Figure 4: Example of Thermal Fatigue Crack in the Parting Sheet Between Different Layers [8].

The CSB investigation report for this 2016 failure [8] also documents four other BAHX failures. These failures, attributed at least partially to thermal fatigue cracking, are briefly summarized as follows:

  • May 2015 – A ConocoPhillips gas plant BAHX (installed in 1994/1995 and repaired in 1998 and 2000) ruptured and released hydrocarbons to the atmosphere. The cap sheet of this exchanger bulged from the core after a failure of the brazed joint (likely driven by thermal fatigue cracking) between the fins and a cap sheet (see Figure 5).
  • August 2012 – After 17 years of service, a BAHX ruptured at Enterprise’s Chaco Gas Plant. Before the incident, the exchanger had experienced inter-pass leaks, but not external ones.

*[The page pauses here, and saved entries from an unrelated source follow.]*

definition depth_rects :: "nat \<Rightarrow> nat \<Rightarrow> rect set" where
  "depth_rects N j = {(a, b, c, d). (a, b) \<in> depth_intervals N j \<and> (c, d) \<in> depth_intervals N j}"

lemma qnode_in_depth_rects: "(a, b, c, d) \<in> qnode N \<Longrightarrow> \<exists>j. (a, b, c, d) \<in> depth_rects N j"
proof (induction rule: qnode.induct)
  case root
  have "(0, N - 1, 0, N - 1) \<in> depth_rects N 0"
    by (simp add: depth_rects_def)
  then show ?case ..
next
  case (child x0 x1 y0 y1 a0 a1 b0 b1)
  then obtain j where j: "(x0, x1) \<in> depth_intervals N j" "(y0, y1) \<in> depth_intervals N j"
    by (auto simp: depth_rects_def)
  have "(a0, a1) \<in> bisect (x0, x1)" "(b0, b1) \<in> bisect (y0, y1)"
    using child.hyps by simp_all
  then have "(a0, a1, b0, b1) \<in> depth_rects N (Suc j)"
    using j child.hyps unfolding depth_rects_def depth_intervals.simps by blast
  then show ?case ..
qed

lemma qnode_bounds: "(a, b, c, d) \<in> qnode N \<Longrightarrow> a \<le> b \<and> b \<le> N - 1 \<and> c \<le> d \<and> d \<le> N - 1"
  using qnode_in_depth_rects depth_intervals_bounds unfolding depth_rects_def by blast

lemma finite_qnode: "finite (qnode N)"
proof (rule finite_subset)
  show "qnode N \<subseteq> {..N - 1} \<times> {..N - 1} \<times> {..N - 1} \<times> {..N - 1}"
    by (auto dest: qnode_bounds)
qed simp

lemma qnode_transpose: "(a, b, c, d) \<in> qnode N \<Longrightarrow> (c, d, a, b) \<in> qnode N"
proof (induction rule: qnode.induct)
  case root
  then show ?case by (rule qnode.root)
next
  case (child x0 x1 y0 y1 a0 a1 b0 b1)
  show ?case
    by (rule qnode.child[OF child.IH]) (use child.hyps in auto)
qed

lemma qnode_cells_nonempty: "(a, b, c, d) \<in> qnode N \<Longrightarrow> cells (a, b, c, d) \<noteq> {}"
  by (cases rule: qnode.cases) (auto simp: cells_def)

definition children :: "rect \<Rightarrow> rect set" where
  "children P = (case P of (x0, x1, y0, y1) \<Rightarrow>
     (\<lambda>((a0, a1), (b0, b1)). (a0, a1, b0, b1)) ` (bisect (x0, x1) \<times> bisect (y0, y1)))"

lemma finite_children: "finite (children P)"
  by (auto simp: children_def finite_bisect split: prod.split)

lemma card_children_le: "card (children P) \<le> 4"
proof -
  obtain x0 x1 y0 y1 where P: "P = (x0, x1, y0, y1)"
    by (cases P) auto
  have "card (children P) \<le> card (bisect (x0, x1) \<times> bisect (y0, y1))"
    unfolding P children_def prod.case by (rule card_image_le) (simp add: finite_bisect)
  also have "\<dots> \<le> 2 * 2"
    unfolding card_cartesian_product by (intro mult_le_mono card_bisect_le)
  finally show ?thesis by simp
qed
(* Let $(F^kx)_{m\le k\le n}$ be a defocusing orbit segment of the billiard map $F$ on $Q(\phi_*,R)$. Let $m'\le m$ and $n'\ge n$ be such that the base points $p(F^kx)$, $m'\le k\le m$, all lie on one circular boundary arc, and the base points $p(F^kx)$, $n\le k\le n'$, all lie on one circular boundary arc. Then the segment $(F^kx)_{m'\le k\le n'}$ is defocusing (with the same sign).
   Context: $Q(\phi_*,R)$ is the asymmetric lemon table, the intersection of two disks whose boundary consists of two circular arcs $\Gamma_r,\Gamma_R$; phase space points $x$ are inward unit vectors based at $p(x)\in\Gamma_r\cup\Gamma_R$ with coordinates $(\phi,\theta)$ ($\phi$ the angular position on the circle, $\theta\in(0,\pi)$ the angle from the positive tangent direction); $F$ is the billiard map. With $d(x)=\rho\sin\theta$ ($\rho$ the radius of the arc containing $p(x)$) and $\tau(x)=|p(x)p(Fx)|$, the derivative in $(\phi,\theta)$ coordinates is $$D_xF=\frac1{d(Fx)}\begin{bmatrix}\tau(x)-d(x)&\tau(x)\\ \tau(x)-d(x)-d(Fx)&\tau(x)-d(Fx)\end{bmatrix}.$$ A finite orbit segment $(F^kx)_{m\le k\le n}$ is positively (resp. negatively) defocusing if all four entries of the matrix $D_{F^mx}F^{n-m}$ (in $(\phi,\theta)$ coordinates) are positive (resp. negative); defocusing means positively or negatively defocusing. *)

theory Defs
  imports "HOL-Analysis.Analysis"
begin

text \<open>
  A lemon table is given by two
  circles: arc index False is the arc Gamma_r, arc index True is the arc Gamma_R.
  ctr i is the centre and rad i the radius of the circle carrying arc i.
  The table Q is the intersection of the two closed disks.
\<close>

definition lemon_table :: "(bool \<Rightarrow> complex) \<Rightarrow> (bool \<Rightarrow> real) \<Rightarrow> bool" where
  "lemon_table ctr rad \<longleftrightarrow> rad False > 0 \<and> rad True > 0 \<and>
     \<bar>rad False - rad True\<bar> < cmod (ctr False - ctr True) \<and>
     cmod (ctr False - ctr True) < rad False + rad True"

definition arc :: "(bool \<Rightarrow> complex) \<Rightarrow> (bool \<Rightarrow> real) \<Rightarrow> bool \<Rightarrow> complex set" where
  "arc ctr rad i = {z. cmod (z - ctr i) = rad i \<and> cmod (z - ctr (\<not> i)) \<le> rad (\<not> i)}"

text \<open>Phase points: (arc index, phi, theta).\<close>
type_synonym phase = "bool \<times> real \<times> real"

definition bpt :: "(bool \<Rightarrow> complex) \<Rightarrow> (bool \<Rightarrow> real) \<Rightarrow> phase \<Rightarrow> complex" where
  "bpt ctr rad x = (case x of (i, \<phi>, \<theta>) \<Rightarrow> ctr i + complex_of_real (rad i) * cis \<phi>)"

text \<open>Unit vector at angle theta from the positive (counterclockwise) tangent
  direction cis (phi + pi/2), rotated towards the inner normal.\<close>
definition dirv :: "phase \<Rightarrow> complex" where
  "dirv x = (case x of (i, \<phi>, \<theta>) \<Rightarrow> cis (\<phi> + pi / 2 + \<theta>))"

text \<open>Phase space: inward unit vectors based at non-corner boundary points,
  with phi normalised to (-pi, pi].\<close>
definition phase_space :: "(bool \<Rightarrow> complex) \<Rightarrow> (bool \<Rightarrow> real) \<Rightarrow> phase set" where
  "phase_space ctr rad = {(i, \<phi>, \<theta>). - pi < \<phi> \<and> \<phi> \<le> pi \<and> 0 < \<theta> \<and> \<theta> < pi \<and>
      bpt ctr rad (i, \<phi>, \<theta>) \<in> arc ctr rad i \<and>
      cmod (bpt ctr rad (i, \<phi>, \<theta>) - ctr (\<not> i)) < rad (\<not> i)}"

text \<open>y is the billiard image of x: the base point of y is hit by the ray from
  p(x) in direction v(x), and v(y) is the mirror image of v(x) in the tangent
  line at p(y) (reflection across the line spanned by the unit vector u is
  z \<mapsto> u^2 * cnj z).\<close>
definition bounce :: "(bool \<Rightarrow> complex) \<Rightarrow> (bool \<Rightarrow> real) \<Rightarrow> phase \<Rightarrow> phase \<Rightarrow> bool" where
  "bounce ctr rad x y \<longleftrightarrow> x \<in> phase_space ctr rad \<and> y \<in> phase_space ctr rad \<and>
     (\<exists>t>0. bpt ctr rad y = bpt ctr rad x + complex_of_real t * dirv x) \<and>
     dirv y = (cis (fst (snd y) + pi / 2))\<^sup>2 * cnj (dirv x)"

definition billiard_map :: "(bool \<Rightarrow> complex) \<Rightarrow> (bool \<Rightarrow> real) \<Rightarrow> phase \<Rightarrow> phase" where
  "billiard_map ctr rad x = (SOME y. bounce ctr rad x y)"

definition tau :: "(bool \<Rightarrow> complex) \<Rightarrow> (bool \<Rightarrow> real) \<Rightarrow> phase \<Rightarrow> real" where
  "tau ctr rad x = cmod (bpt ctr rad (billiard_map ctr rad x) - bpt ctr rad x)"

A subsequent metallurgical evaluation of the exchanger concluded that a mechanical overload caused the brazed joints to fail, but it did not identify the initiation site of the failure; it is suspected that thermal fatigue cracking played a role in initiating the failure.
  • 2006 – A BAHX at another gas plant ruptured and one of the cap sheets separated from the core, from top to bottom. After examining the exchanger, the exchanger fabricator indicated that no definitive failure mechanism could be identified, but severe fin cracking and thermal fatigue were determined to be likely contributing factors.
  • April 2014 – A BAHX failure occurred in a process unit at an Opal, Wyoming gas processing plant, which had been in operation since 1999. The exchanger had two cores welded to one another (differs from the common single-core configuration). It is suspected that process fluids leaked into the enclosed area after the intermodal space between the two cores pressurized. Nearly the entire core-to-core weld seam cracked and ruptured. The post-incident metallurgical investigation ruled out several potential failure modes, noting that while direct evidence of thermal fatigue was not identified, it could not be strictly eliminated as a probable cause.

Figure 5: Ruptured BAHX (Failure Occurred in the Cap Sheet) from a Gas Plant (2015) [8].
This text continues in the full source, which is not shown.